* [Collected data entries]
* * *
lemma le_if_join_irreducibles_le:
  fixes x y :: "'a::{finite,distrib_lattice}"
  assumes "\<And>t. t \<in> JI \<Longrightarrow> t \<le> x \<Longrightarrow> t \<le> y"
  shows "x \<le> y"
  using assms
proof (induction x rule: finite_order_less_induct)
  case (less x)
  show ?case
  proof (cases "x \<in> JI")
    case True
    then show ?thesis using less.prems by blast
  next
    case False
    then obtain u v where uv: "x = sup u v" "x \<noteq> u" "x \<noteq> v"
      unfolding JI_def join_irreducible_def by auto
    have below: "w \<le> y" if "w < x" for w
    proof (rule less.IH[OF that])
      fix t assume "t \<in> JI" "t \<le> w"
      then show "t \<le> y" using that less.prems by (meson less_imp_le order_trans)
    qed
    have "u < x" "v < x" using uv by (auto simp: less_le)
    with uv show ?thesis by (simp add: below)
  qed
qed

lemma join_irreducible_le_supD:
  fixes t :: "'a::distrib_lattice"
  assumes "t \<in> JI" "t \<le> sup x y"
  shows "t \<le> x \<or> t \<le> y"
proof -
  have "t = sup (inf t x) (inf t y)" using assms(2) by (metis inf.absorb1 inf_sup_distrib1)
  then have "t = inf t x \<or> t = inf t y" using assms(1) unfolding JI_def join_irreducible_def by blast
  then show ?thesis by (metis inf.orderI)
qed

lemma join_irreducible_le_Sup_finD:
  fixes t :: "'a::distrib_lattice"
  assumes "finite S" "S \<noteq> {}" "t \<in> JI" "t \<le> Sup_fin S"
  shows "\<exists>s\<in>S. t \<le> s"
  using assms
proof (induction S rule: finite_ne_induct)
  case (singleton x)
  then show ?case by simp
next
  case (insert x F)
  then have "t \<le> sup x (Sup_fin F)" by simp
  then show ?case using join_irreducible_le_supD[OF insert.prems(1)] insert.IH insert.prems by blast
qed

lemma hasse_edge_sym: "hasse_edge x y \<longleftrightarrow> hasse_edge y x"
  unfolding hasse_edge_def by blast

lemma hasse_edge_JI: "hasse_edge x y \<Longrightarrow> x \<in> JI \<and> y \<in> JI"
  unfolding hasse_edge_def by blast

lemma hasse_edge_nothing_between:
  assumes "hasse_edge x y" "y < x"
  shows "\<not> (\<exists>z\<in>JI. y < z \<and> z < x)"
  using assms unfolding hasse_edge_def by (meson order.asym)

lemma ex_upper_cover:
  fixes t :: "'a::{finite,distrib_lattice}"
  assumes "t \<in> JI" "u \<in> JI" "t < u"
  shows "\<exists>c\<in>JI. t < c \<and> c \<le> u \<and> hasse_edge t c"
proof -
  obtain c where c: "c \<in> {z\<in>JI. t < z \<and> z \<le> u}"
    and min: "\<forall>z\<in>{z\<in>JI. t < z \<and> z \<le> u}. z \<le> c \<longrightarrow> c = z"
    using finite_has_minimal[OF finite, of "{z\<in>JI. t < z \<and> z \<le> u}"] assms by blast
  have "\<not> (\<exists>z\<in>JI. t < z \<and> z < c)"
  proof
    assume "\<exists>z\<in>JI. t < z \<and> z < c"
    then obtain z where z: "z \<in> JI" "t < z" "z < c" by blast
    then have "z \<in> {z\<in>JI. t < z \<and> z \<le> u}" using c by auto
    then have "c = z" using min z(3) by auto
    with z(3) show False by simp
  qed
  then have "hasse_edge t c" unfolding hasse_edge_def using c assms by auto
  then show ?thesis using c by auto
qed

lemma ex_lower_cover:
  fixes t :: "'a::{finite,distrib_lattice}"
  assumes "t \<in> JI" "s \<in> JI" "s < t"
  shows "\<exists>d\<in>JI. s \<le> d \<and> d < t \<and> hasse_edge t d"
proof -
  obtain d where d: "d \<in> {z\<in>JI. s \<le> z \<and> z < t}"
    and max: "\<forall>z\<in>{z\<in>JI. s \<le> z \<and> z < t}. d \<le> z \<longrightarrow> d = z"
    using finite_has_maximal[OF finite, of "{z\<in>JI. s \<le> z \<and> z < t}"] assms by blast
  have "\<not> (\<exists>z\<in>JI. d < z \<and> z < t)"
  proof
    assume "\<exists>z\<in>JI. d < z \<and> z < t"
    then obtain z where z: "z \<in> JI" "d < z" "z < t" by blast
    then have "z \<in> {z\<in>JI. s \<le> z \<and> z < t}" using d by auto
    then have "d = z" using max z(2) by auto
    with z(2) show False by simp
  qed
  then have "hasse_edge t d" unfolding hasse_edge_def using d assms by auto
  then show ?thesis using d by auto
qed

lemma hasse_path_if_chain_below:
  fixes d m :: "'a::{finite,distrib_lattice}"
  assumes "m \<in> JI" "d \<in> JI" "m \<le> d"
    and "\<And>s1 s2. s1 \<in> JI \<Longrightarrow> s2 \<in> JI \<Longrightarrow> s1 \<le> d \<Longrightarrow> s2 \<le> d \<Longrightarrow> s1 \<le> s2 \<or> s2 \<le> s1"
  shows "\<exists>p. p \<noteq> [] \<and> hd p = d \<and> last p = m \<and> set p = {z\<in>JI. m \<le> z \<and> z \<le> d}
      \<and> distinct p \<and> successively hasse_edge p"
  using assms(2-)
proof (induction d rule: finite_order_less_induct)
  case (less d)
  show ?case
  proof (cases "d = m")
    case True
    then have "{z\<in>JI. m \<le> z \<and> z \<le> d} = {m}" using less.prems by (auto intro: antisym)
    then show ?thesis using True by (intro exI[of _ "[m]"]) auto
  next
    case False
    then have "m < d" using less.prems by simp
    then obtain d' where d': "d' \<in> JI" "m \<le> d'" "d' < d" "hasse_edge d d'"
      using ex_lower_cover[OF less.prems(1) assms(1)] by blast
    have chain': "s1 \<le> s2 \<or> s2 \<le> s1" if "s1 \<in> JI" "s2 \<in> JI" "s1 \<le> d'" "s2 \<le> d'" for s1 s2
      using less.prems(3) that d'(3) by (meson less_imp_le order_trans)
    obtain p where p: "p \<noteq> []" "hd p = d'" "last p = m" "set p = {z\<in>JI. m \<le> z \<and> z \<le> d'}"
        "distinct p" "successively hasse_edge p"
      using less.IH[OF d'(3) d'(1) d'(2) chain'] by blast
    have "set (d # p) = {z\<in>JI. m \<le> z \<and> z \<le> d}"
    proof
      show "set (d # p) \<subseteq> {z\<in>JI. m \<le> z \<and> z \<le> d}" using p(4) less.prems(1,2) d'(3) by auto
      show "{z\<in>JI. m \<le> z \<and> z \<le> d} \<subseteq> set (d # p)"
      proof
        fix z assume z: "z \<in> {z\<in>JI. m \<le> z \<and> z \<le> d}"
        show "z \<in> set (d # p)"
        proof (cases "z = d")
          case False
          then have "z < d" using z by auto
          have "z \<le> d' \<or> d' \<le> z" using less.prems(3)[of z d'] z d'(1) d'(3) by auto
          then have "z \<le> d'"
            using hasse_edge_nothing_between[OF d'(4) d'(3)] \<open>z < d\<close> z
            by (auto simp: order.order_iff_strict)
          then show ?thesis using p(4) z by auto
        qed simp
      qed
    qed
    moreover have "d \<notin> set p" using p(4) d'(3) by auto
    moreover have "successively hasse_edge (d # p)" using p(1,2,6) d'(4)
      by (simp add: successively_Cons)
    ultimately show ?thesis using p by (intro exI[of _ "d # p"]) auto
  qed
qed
* * *
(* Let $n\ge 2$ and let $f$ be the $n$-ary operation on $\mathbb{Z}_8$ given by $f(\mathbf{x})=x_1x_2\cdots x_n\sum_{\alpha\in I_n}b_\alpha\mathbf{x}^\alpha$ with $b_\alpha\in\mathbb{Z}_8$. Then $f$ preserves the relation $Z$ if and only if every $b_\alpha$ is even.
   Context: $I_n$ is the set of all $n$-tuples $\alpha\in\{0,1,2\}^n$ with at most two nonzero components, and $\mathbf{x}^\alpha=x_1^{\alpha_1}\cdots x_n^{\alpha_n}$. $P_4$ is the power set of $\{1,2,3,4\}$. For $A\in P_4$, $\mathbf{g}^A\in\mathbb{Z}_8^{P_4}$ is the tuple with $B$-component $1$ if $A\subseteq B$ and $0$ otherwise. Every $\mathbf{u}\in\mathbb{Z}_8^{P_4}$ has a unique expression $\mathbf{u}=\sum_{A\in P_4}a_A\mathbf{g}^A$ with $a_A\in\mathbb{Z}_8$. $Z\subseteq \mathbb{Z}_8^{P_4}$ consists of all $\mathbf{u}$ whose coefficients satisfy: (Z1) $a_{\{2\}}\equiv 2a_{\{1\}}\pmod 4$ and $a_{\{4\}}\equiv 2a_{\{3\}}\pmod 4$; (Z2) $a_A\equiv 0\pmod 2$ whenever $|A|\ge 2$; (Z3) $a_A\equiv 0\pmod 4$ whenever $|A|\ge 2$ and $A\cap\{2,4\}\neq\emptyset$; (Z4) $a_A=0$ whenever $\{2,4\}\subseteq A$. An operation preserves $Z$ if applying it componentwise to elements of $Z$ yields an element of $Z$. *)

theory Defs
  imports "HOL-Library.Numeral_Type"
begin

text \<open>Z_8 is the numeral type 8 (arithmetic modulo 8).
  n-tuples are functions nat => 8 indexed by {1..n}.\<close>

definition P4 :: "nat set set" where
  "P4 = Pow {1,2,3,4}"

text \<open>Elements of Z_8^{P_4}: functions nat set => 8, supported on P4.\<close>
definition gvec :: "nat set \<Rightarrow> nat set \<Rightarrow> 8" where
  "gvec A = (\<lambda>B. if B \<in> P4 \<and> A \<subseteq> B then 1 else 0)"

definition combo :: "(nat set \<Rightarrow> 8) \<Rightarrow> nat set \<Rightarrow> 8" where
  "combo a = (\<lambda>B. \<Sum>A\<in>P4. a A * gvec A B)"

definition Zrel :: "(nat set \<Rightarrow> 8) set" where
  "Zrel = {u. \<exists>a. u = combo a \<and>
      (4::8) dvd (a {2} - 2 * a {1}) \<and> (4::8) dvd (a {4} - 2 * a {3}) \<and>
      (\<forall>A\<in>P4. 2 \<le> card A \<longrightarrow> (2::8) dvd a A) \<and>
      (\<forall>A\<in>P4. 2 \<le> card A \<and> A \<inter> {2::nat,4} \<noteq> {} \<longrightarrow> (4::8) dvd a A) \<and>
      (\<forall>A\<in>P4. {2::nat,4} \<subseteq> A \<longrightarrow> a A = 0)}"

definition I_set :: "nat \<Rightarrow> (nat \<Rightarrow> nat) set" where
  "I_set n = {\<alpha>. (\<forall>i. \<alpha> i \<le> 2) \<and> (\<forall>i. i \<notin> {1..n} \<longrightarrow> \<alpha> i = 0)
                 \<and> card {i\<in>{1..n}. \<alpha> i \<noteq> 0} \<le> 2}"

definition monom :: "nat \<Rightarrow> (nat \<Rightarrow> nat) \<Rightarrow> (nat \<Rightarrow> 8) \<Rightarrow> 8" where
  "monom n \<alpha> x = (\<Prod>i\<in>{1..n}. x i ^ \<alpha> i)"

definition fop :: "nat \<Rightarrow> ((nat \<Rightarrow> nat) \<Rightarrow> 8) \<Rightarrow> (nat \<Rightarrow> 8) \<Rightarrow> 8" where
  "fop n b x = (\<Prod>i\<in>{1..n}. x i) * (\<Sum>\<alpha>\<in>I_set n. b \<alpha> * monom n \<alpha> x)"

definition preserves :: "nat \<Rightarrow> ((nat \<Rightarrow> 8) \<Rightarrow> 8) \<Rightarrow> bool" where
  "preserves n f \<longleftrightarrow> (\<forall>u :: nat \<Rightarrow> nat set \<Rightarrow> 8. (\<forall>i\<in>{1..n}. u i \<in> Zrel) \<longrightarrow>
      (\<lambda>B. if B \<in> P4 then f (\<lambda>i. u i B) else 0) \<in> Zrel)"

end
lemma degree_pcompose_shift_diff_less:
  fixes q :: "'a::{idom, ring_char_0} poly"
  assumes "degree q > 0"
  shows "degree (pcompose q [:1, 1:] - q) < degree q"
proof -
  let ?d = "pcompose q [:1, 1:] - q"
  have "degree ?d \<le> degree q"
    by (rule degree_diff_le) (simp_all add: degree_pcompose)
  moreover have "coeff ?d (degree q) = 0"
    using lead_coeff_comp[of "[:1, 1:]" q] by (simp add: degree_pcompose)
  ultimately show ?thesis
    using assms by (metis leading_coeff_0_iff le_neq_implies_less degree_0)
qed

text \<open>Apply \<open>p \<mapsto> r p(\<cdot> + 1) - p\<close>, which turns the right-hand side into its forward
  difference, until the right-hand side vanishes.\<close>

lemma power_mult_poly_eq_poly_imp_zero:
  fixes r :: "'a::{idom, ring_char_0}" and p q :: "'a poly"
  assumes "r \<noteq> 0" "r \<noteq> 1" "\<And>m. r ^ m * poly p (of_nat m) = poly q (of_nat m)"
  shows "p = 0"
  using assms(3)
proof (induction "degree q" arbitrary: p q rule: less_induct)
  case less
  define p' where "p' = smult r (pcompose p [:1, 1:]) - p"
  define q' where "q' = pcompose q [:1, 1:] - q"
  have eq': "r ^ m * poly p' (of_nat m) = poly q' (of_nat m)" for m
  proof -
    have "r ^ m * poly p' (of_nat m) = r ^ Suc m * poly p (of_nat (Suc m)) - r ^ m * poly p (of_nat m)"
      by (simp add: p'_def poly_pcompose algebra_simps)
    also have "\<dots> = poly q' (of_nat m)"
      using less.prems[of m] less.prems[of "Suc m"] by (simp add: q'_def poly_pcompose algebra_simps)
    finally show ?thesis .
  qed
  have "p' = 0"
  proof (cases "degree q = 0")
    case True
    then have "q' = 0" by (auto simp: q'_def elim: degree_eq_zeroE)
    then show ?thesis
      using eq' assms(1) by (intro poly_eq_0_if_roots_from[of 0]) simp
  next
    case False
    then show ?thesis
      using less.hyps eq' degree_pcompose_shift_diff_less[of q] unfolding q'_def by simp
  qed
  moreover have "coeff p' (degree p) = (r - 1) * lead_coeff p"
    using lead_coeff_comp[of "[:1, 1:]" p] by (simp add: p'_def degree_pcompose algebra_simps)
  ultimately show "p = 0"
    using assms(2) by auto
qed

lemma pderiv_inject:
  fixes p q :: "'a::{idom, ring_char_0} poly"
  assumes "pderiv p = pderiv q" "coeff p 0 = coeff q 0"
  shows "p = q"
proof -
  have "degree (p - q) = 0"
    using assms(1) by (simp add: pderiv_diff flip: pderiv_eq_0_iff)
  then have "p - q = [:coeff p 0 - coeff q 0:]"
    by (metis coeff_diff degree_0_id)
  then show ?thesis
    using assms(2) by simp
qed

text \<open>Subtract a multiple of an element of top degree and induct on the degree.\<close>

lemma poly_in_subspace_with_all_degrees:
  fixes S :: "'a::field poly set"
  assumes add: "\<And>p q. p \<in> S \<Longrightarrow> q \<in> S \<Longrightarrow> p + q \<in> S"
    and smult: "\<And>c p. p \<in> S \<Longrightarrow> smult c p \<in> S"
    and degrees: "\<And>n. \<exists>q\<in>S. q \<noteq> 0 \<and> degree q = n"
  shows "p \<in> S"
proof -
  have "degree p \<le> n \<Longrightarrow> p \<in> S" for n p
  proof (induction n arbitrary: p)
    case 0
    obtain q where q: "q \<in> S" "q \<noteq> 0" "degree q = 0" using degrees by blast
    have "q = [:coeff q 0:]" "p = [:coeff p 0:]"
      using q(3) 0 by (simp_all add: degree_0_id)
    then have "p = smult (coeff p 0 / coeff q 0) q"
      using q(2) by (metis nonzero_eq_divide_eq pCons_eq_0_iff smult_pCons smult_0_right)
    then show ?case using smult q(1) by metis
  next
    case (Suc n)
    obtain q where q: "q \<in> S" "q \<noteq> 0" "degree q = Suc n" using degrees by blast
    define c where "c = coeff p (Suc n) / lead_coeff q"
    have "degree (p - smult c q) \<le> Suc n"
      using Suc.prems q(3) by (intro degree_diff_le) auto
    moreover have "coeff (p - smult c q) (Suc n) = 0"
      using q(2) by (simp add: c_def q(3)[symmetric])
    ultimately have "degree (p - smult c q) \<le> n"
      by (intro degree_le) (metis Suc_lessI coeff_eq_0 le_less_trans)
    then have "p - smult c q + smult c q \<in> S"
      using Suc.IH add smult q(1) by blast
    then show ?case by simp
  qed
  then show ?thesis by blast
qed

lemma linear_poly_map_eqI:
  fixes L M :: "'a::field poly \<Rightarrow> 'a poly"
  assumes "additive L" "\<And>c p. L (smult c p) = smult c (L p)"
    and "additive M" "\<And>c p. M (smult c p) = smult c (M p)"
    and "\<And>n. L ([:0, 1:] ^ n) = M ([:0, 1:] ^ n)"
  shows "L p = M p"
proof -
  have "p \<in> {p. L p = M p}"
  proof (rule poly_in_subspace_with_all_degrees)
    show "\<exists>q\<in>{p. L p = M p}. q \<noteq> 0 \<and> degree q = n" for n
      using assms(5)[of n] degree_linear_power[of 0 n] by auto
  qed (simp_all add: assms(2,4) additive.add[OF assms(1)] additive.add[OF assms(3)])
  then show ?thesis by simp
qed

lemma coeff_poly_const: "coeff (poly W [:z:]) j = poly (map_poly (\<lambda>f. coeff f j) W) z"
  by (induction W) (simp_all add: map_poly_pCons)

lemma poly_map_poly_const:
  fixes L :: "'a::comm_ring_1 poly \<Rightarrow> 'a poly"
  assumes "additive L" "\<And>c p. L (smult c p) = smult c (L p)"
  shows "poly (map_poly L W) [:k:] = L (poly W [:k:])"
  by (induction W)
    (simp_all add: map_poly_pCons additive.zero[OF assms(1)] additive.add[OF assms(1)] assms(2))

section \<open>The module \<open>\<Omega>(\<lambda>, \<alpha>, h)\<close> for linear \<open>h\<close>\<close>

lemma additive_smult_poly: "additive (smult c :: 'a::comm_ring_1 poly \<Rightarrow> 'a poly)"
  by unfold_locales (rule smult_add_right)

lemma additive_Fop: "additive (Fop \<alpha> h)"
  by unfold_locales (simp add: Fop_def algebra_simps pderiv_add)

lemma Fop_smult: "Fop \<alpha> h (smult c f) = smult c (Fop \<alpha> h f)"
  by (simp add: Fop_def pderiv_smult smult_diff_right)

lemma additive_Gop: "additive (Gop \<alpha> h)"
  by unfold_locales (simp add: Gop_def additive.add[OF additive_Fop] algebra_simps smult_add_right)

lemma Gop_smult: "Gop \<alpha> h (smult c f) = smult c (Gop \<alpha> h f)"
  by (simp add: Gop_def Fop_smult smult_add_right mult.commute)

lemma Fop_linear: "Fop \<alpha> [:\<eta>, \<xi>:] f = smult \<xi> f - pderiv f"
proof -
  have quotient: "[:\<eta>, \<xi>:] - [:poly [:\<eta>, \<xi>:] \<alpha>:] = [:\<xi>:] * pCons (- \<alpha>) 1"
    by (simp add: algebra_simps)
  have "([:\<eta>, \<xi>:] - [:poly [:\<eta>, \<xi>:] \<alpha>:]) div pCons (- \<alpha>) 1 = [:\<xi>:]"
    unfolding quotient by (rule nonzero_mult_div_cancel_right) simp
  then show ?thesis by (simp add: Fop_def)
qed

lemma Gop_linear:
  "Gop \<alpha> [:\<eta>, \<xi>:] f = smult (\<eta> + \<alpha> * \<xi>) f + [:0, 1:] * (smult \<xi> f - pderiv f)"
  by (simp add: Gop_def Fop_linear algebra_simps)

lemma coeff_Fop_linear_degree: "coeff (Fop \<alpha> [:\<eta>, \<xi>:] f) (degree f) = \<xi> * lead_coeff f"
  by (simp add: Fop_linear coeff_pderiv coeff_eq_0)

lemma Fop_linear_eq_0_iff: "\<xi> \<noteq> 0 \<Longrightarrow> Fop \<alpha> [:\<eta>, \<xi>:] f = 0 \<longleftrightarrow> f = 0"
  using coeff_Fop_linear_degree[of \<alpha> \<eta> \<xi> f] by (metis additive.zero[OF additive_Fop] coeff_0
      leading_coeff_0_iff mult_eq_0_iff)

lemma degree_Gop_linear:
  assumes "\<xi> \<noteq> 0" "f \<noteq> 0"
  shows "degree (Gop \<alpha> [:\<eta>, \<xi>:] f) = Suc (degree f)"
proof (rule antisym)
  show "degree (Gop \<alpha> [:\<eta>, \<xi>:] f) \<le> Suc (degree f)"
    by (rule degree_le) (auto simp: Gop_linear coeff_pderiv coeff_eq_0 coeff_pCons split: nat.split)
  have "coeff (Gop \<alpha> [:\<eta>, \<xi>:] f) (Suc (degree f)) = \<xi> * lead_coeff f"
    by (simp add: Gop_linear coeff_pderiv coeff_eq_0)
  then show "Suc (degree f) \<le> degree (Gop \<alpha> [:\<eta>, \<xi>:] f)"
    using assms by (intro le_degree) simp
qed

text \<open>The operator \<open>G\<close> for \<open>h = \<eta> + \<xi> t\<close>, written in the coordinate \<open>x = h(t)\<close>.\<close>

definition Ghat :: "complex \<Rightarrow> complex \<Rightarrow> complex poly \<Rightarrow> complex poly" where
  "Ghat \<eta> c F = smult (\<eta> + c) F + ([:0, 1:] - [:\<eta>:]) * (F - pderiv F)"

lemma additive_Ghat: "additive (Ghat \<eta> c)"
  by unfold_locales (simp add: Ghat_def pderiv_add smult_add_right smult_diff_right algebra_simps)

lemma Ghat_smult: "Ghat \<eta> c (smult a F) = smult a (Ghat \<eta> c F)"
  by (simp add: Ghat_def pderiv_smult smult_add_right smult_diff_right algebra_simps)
* * *
* [TRY IT] Could you state the number of lines above in which the word "open" appears? Give that number by itself.

* [EXERCISE RESULT] 7